## Instructions for the task
Give the number of lines in the data below where the string "assumes" occurs, and nothing else.

═══ Dataset excerpts ═══

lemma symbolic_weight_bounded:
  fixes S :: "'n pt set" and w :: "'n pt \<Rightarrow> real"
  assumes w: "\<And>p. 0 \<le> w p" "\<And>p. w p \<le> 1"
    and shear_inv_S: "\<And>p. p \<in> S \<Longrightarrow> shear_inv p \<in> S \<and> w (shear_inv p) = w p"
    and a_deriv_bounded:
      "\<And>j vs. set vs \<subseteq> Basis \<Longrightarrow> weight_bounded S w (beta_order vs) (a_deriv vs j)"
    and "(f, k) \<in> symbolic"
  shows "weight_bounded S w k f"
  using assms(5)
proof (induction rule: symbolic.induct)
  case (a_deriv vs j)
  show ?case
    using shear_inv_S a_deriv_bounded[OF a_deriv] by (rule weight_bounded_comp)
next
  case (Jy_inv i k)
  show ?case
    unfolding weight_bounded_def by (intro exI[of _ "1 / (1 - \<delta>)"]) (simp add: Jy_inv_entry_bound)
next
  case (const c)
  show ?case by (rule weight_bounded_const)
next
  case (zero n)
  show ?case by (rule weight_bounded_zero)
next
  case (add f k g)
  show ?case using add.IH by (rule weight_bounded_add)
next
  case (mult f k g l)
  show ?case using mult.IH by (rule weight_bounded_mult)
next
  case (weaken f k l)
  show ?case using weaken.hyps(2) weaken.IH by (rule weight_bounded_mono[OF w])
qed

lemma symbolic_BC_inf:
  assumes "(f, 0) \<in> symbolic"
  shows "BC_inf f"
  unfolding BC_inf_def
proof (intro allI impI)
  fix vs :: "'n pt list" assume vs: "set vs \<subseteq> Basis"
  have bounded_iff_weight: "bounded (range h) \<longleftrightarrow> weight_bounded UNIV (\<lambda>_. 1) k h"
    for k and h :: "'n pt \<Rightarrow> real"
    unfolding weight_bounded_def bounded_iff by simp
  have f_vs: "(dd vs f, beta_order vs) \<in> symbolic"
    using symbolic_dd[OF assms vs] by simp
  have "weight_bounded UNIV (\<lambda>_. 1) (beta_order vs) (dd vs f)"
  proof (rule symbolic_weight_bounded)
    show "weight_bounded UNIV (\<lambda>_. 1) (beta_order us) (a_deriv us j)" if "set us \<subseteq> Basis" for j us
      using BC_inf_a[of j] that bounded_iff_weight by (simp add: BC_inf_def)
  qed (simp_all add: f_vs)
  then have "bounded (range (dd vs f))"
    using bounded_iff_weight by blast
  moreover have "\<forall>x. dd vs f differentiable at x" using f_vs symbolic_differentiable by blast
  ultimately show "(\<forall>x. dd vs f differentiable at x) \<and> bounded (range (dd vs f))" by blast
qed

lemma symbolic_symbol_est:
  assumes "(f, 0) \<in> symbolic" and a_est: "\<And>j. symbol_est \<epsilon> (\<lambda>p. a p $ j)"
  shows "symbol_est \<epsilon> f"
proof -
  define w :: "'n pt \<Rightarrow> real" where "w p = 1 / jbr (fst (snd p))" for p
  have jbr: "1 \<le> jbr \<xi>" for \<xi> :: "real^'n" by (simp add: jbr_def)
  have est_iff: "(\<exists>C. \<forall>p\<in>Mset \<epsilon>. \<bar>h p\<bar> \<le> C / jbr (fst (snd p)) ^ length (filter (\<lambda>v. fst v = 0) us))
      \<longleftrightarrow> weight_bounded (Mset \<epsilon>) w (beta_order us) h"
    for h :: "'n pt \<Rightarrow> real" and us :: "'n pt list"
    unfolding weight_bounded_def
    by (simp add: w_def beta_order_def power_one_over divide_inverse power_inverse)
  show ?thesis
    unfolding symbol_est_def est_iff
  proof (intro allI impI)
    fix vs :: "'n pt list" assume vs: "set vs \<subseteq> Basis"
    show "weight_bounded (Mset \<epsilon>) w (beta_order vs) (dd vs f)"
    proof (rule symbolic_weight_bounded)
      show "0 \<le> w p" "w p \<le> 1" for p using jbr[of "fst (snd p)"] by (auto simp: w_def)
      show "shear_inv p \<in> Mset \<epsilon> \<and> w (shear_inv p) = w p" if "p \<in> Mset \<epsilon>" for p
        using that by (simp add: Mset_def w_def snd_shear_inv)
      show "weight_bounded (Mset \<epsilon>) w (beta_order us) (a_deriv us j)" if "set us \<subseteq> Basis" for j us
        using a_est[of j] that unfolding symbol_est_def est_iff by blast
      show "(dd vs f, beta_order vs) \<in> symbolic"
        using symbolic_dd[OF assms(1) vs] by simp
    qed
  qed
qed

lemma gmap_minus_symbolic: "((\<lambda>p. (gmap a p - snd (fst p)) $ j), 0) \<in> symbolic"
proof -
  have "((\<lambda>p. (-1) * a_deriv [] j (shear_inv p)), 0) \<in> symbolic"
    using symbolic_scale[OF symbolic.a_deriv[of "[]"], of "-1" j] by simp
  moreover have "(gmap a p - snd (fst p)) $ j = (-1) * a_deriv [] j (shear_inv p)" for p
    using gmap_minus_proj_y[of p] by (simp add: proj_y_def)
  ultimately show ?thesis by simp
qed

═══

## Answer area
3